Cell type annotation is the process of assigning biological identities to computationally defined clusters in single-cell RNA-seq data. It is one of the most consequential analytical decisions in a scRNA-seq project: annotation errors propagate into downstream analyses of differential expression, trajectory inference, and cell-cell communication. This guide presents a three-tier decision strategy — manual marker-based annotation first, automated reference-free classification second, and ensemble reference-based label transfer third — and explains when each approach is most appropriate.

The guide synthesizes community know-how on CellTypist (Dominguez Conde et al., Science 2022), popV (Luecken et al., Nature Methods 2024), and classical marker-based approaches, following standards established by the Human Cell Atlas project.

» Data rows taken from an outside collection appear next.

lemma merit_minimizer_solves:
  fixes Nn :: "real^'n \<Rightarrow> real" and Nm :: "real^'m \<Rightarrow> real" and g :: "real^'n \<Rightarrow> real^'m"
  assumes "is_norm Nn" "is_norm Nm" "\<mu> > 0"
    and "(g has_derivative (\<lambda>h. B *v h)) (at x)"
    and "op_norm Nn Nm (B - A) < \<mu> / 2"
    and "\<And>h. \<mu> * dual_norm Nm h \<le> dual_norm Nn (transpose A *v h)"
    and "Nn x < \<rho>"
    and min: "\<And>z. Nn z \<le> \<rho> \<Longrightarrow> 2 / \<mu> * Nm (g x - y) + Nn x \<le> 2 / \<mu> * Nm (g z - y) + Nn z"
  shows "g x = y"
proof (rule ccontr)
  assume "g x \<noteq> y"
  obtain d where "A *v d = y - g x" "Nn d \<le> Nm (y - g x) / \<mu>"
    using dual_lower_bound_imp_right_inverse[OF assms(1-3,6)] .
  with merit_descent[OF assms(1-5)] obtain z where "Nn z < \<rho>"
    "2 / \<mu> * Nm (g z - y) + Nn z < 2 / \<mu> * Nm (g x - y) + Nn x"
    using \<open>Nn x < \<rho>\<close> \<open>g x \<noteq> y\<close> by blast
  then show False using min[of z] by simp
qed

theorem theorem2:
  fixes Nn :: "real^'n \<Rightarrow> real" and Nm :: "real^'m \<Rightarrow> real"
    and g :: "real^'n \<Rightarrow> real^'m" and g' :: "real^'n \<Rightarrow> real^'n^'m"
    and y :: "real^'m" and \<rho> L \<mu>0 :: real
  assumes "is_norm Nn" and "is_norm Nm"
    and "\<rho> > 0" and "L > 0" and "\<mu>0 > 0"
    and "g 0 = 0"
    and "\<forall>x. Nn x \<le> \<rho> \<longrightarrow> (g has_derivative (\<lambda>h. g' x *v h)) (at x)"
    and "\<forall>xa xb. Nn xa \<le> \<rho> \<longrightarrow> Nn xb \<le> \<rho> \<longrightarrow>
           op_norm Nn Nm (g' xa - g' xb) \<le> L * Nn (xa - xb)"
    and "\<forall>h. dual_norm Nn (transpose (g' 0) *v h) \<ge> \<mu>0 * dual_norm Nm h"
    and "Nm y < \<mu>0^2 / (4 * L)" and "\<mu>0 / (2 * L) \<le> \<rho>"
  shows "\<exists>x. g x = y \<and> Nn x \<le> 2 * Nm y / \<mu>0"
proof -
  define \<Psi> where "\<Psi> x = 2 / \<mu>0 * Nm (g x - y) + Nn x" for x
  have "continuous_on {x. Nn x \<le> \<rho>} g"
    using assms(7) has_derivative_continuous by (blast intro: continuous_at_imp_continuous_on)
  then obtain x where x: "Nn x \<le> \<rho>" and min: "\<And>z. Nn z \<le> \<rho> \<Longrightarrow> \<Psi> x \<le> \<Psi> z"
    using exists_merit_minimizer[OF assms(1,2)] assms(3) unfolding \<Psi>_def by (metis less_imp_le)
  have "0 \<le> \<rho>" "Nn 0 = 0" using assms(3) is_norm_zero[OF assms(1)] by simp_all
  have "Nn x \<le> \<Psi> x" unfolding \<Psi>_def using assms(5) is_norm_nonneg[OF assms(2)] by simp
  also have "\<dots> \<le> \<Psi> 0" using min \<open>Nn 0 = 0\<close> \<open>0 \<le> \<rho>\<close> by simp
  also have "\<dots> = 2 * Nm y / \<mu>0"
    unfolding \<Psi>_def using assms(6) \<open>Nn 0 = 0\<close> is_norm_scaleR[OF assms(2), of "-1" y] by simp
  finally have bound: "Nn x \<le> 2 * Nm y / \<mu>0" .
  also have "\<dots> < \<mu>0 / (2 * L)" using assms(4,5,10) by (simp add: field_simps power2_eq_square)
  finally have "Nn x < \<mu>0 / (2 * L)" .
  then have "Nn x < \<rho>" "L * Nn x < \<mu>0 / 2"
    using assms(4,11) by (linarith, simp add: pos_less_divide_eq algebra_simps)
  moreover have "op_norm Nn Nm (g' x - g' 0) \<le> L * Nn x"
    using assms(8)[rule_format, of x 0] x \<open>Nn 0 = 0\<close> \<open>0 \<le> \<rho>\<close> by simp
  ultimately have close: "op_norm Nn Nm (g' x - g' 0) < \<mu>0 / 2" by linarith
  have "g x = y"
    using merit_minimizer_solves[OF assms(1,2,5) _ close] assms(7,9) x \<open>Nn x < \<rho>\<close> min
    unfolding \<Psi>_def by (simp add: mult.commute)
  with bound show ?thesis by blast
qed

end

The three tiers represent a progression from effort-intensive but transparent (manual) to efficient and scalable (automated). They are not mutually exclusive: best practice is to run automated annotation first to generate hypotheses and then validate with manual marker inspection. For high-stakes biological claims — rare cell types, novel disease states, clinical applications — all three tiers should be used in parallel and discordant results resolved explicitly before publication.

## Key Concepts

### Cell Type Markers and Cluster Identity

A cell type marker is a gene whose expression distinguishes one cell population from all others in a dataset. Canonical markers are those validated across many studies and tissues — for example, CD3E for T cells, CD19 and MS4A1 (CD20) for B cells, CD14 for classical monocytes, and EPCAM for epithelial cells. Effective markers fulfill three criteria: they are highly expressed in the target cell type (high sensitivity), they are absent or very low in all other cell types (high specificity), and their identity is confirmed by at least two independent markers.

Clusters produced by algorithms such as Leiden or Louvain represent groups of transcriptionally similar cells; they do not inherently correspond to biological cell types. A single true cell type may appear as multiple clusters if the resolution parameter is too high (overclustering), and biologically distinct cell types may be merged if resolution is too low. Annotation quality depends on both the quality of the clustering and the quality of the evidence used to assign identities.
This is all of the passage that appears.